PROBLEM TO SOLVE: Pull out of the data below the stretch of lines bounded by the one containing "A \<and> (\<forall>s\<in>A." and the one containing "using I_stat_minus_zeta_stat_high_probability[OF \<open>0", both bounds included, unchanged.

┄┄┄┄┄┄┄┄┄┄

lemma I_stat_minus_zeta_stat_high_probability:
  assumes "0 \<le> v"
  obtains A where "A \<in> sets M" "1 - real (2 * n * card \<I>) * C2 / exp (C1 * v\<^sup>2) \<le> measure M A"
    "\<And>s w i j. s \<in> A \<Longrightarrow> (i, j) \<in> \<I> \<Longrightarrow>
       cmod (I_stat c n l (\<lambda>t i. X t i s - \<mu> i) \<gamma> i j w - zeta_stat c n l (\<lambda>t i. X t i s - \<mu> i) \<gamma> i j w)
       \<le> real l ^ 2 * ((v + m)\<^sup>2 + G) / real n"
proof -
  define J where "J = fst ` \<I> \<union> snd ` \<I>"
  define Q where "Q = {1..int n} \<times> J"
  have J_less: "j < p" if "j \<in> J" for j
    using that \<I>_sub unfolding J_def by auto
  have "card J \<le> card (fst ` \<I>) + card (snd ` \<I>)"
    unfolding J_def by (rule card_Un_le)
  also have "\<dots> \<le> 2 * card \<I>"
    using card_image_le[OF finite_\<I>, of fst] card_image_le[OF finite_\<I>, of snd] by linarith
  finally have card_Q: "card Q \<le> 2 * n * card \<I>"
    unfolding Q_def card_cartesian_product by simp
  have "finite Q" unfolding Q_def J_def using finite_\<I> by simp
  obtain A where A: "A \<in> sets M" "1 - real (card Q) * C2 / exp (C1 * v\<^sup>2) \<le> measure M A"
    and small: "\<And>s q. s \<in> A \<Longrightarrow> q \<in> Q \<Longrightarrow> \<bar>X (fst q) (snd q) s\<bar> \<le> v"
    by (rule obtain_event_uniform_abs_le[where f = "\<lambda>q. X (fst q) (snd q)",
          OF prob \<open>finite Q\<close> _ _ C1 less_imp_le[OF C2] \<open>0 \<le> v\<close>])
       (auto simp: Q_def intro!: meas moment J_less)
  show ?thesis
  proof
    show "A \<in> sets M" by fact
    have "real (card Q) * C2 / exp (C1 * v\<^sup>2) \<le> real (2 * n * card \<I>) * C2 / exp (C1 * v\<^sup>2)"
      using of_nat_mono[OF card_Q] C2 by (intro divide_right_mono mult_right_mono) auto
    with A(2) show "1 - real (2 * n * card \<I>) * C2 / exp (C1 * v\<^sup>2) \<le> measure M A" by linarith
  next
    fix s w i j assume s: "s \<in> A" and ij: "(i, j) \<in> \<I>"
    have centred: "\<bar>X t a s - \<mu> a\<bar> \<le> v + m" if "t \<in> {1..int n}" "a \<in> J" for t a
      using small[OF s, of "(t, a)"] mean[OF J_less[OF \<open>a \<in> J\<close>]] that unfolding Q_def by force
    have "i \<in> J" "j \<in> J" using ij unfolding J_def by force+
    show "cmod (I_stat c n l (\<lambda>t i. X t i s - \<mu> i) \<gamma> i j w
        - zeta_stat c n l (\<lambda>t i. X t i s - \<mu> i) \<gamma> i j w) \<le> real l ^ 2 * ((v + m)\<^sup>2 + G) / real n"
    proof (rule norm_I_stat_minus_zeta_stat_le[OF c n])
      show "0 \<le> (v + m)\<^sup>2 + G" using G by simp
      fix t k assume "t \<in> {1..int n}" "t + k \<in> {1..int n}"
      then have xi: "\<bar>X (t + k) i s - \<mu> i\<bar> \<le> v + m" and "\<bar>X t j s - \<mu> j\<bar> \<le> v + m"
        using centred \<open>i \<in> J\<close> \<open>j \<in> J\<close> by auto
      then have "\<bar>(X (t + k) i s - \<mu> i) * (X t j s - \<mu> j)\<bar> \<le> (v + m) * (v + m)"
        unfolding abs_mult by (intro mult_mono) (auto intro: order.trans[OF abs_ge_zero xi])
      then show "\<bar>(X (t + k) i s - \<mu> i) * (X t j s - \<mu> j) - \<gamma> i j k\<bar> \<le> (v + m)\<^sup>2 + G"
        using cov[OF J_less J_less, OF \<open>i \<in> J\<close> \<open>j \<in> J\<close>, of k] by (simp add: power2_eq_square)
    qed
  qed
qed

lemma I_stat_minus_zeta_stat_log_bound:
  fixes \<epsilon> \<kappa> :: real
  assumes "0 < \<epsilon>" "0 < \<kappa>" "2 \<le> real (card \<I>)" "\<kappa> * ln (real n) \<le> ln (real (card \<I>))"
  shows "\<exists>A\<in>sets M. 1 - \<epsilon> \<le> measure M A \<and> (\<forall>s\<in>A. \<forall>w. \<forall>(i, j)\<in>\<I>.
     cmod (I_stat c n l (\<lambda>t i. X t i s - \<mu> i) \<gamma> i j w - zeta_stat c n l (\<lambda>t i. X t i s - \<mu> i) \<gamma> i j w)
     \<le> (2 * (\<bar>ln (2 * C2 / \<epsilon>)\<bar> / ln 2 + 1 / \<kappa> + 1) / C1 + (2 * m\<^sup>2 + G) / ln 2)
        * (real l ^ 2 * ln (real (card \<I>)) / real n))"
    (is "\<exists>A\<in>sets M. _ \<and> (\<forall>s\<in>A. \<forall>w. \<forall>(i, j)\<in>\<I>. _ \<le> ?B * _)")
proof -
  obtain v where "0 \<le> v" and prob_small: "2 * real n * real (card \<I>) * C2 / exp (C1 * v\<^sup>2) \<le> \<epsilon>"
    and level: "2 * v\<^sup>2 + (2 * m\<^sup>2 + G) \<le> ?B * ln (real (card \<I>))"
    by (rule obtain_truncation_level[where K = "2 * m\<^sup>2 + G", OF C1 C2 assms(1,2) _ _ assms(3,4)]) (use G n in simp_all)
  obtain A where A: "A \<in> sets M" "1 - real (2 * n * card \<I>) * C2 / exp (C1 * v\<^sup>2) \<le> measure M A"
    and close: "\<And>s w i j. s \<in> A \<Longrightarrow> (i, j) \<in> \<I> \<Longrightarrow>
       cmod (I_stat c n l (\<lambda>t i. X t i s - \<mu> i) \<gamma> i j w - zeta_stat c n l (\<lambda>t i. X t i s - \<mu> i) \<gamma> i j w)
       \<le> real l ^ 2 * ((v + m)\<^sup>2 + G) / real n"
    using I_stat_minus_zeta_stat_high_probability[OF \<open>0 \<le> v\<close>] by blast
  have "(v + m)\<^sup>2 + G \<le> ?B * ln (real (card \<I>))"
    using level sum_squares_bound[of v m] by (simp add: power2_sum)
  then have "real l ^ 2 * ((v + m)\<^sup>2 + G) / real n \<le> real l ^ 2 * (?B * ln (real (card \<I>))) / real n"
    by (intro divide_right_mono mult_left_mono) auto
  then have "real l ^ 2 * ((v + m)\<^sup>2 + G) / real n \<le> ?B * (real l ^ 2 * ln (real (card \<I>)) / real n)"
    by (simp add: ac_simps)
  moreover have "1 - \<epsilon> \<le> measure M A" using A(2) prob_small by simp
  ultimately show ?thesis
    using A(1) by (blast intro: order.trans close)
qed

end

┄┄┄┄┄┄┄┄┄┄

ANSWER AREA:
  shows "\<exists>A\<in>sets M. 1 - \<epsilon> \<le> measure M A \<and> (\<forall>s\<in>A. \<forall>w. \<forall>(i, j)\<in>\<I>.
     cmod (I_stat c n l (\<lambda>t i. X t i s - \<mu> i) \<gamma> i j w - zeta_stat c n l (\<lambda>t i. X t i s - \<mu> i) \<gamma> i j w)
     \<le> (2 * (\<bar>ln (2 * C2 / \<epsilon>)\<bar> / ln 2 + 1 / \<kappa> + 1) / C1 + (2 * m\<^sup>2 + G) / ln 2)
        * (real l ^ 2 * ln (real (card \<I>)) / real n))"
    (is "\<exists>A\<in>sets M. _ \<and> (\<forall>s\<in>A. \<forall>w. \<forall>(i, j)\<in>\<I>. _ \<le> ?B * _)")
proof -
  obtain v where "0 \<le> v" and prob_small: "2 * real n * real (card \<I>) * C2 / exp (C1 * v\<^sup>2) \<le> \<epsilon>"
    and level: "2 * v\<^sup>2 + (2 * m\<^sup>2 + G) \<le> ?B * ln (real (card \<I>))"
    by (rule obtain_truncation_level[where K = "2 * m\<^sup>2 + G", OF C1 C2 assms(1,2) _ _ assms(3,4)]) (use G n in simp_all)
  obtain A where A: "A \<in> sets M" "1 - real (2 * n * card \<I>) * C2 / exp (C1 * v\<^sup>2) \<le> measure M A"
    and close: "\<And>s w i j. s \<in> A \<Longrightarrow> (i, j) \<in> \<I> \<Longrightarrow>
       cmod (I_stat c n l (\<lambda>t i. X t i s - \<mu> i) \<gamma> i j w - zeta_stat c n l (\<lambda>t i. X t i s - \<mu> i) \<gamma> i j w)
       \<le> real l ^ 2 * ((v + m)\<^sup>2 + G) / real n"
    using I_stat_minus_zeta_stat_high_probability[OF \<open>0 \<le> v\<close>] by blast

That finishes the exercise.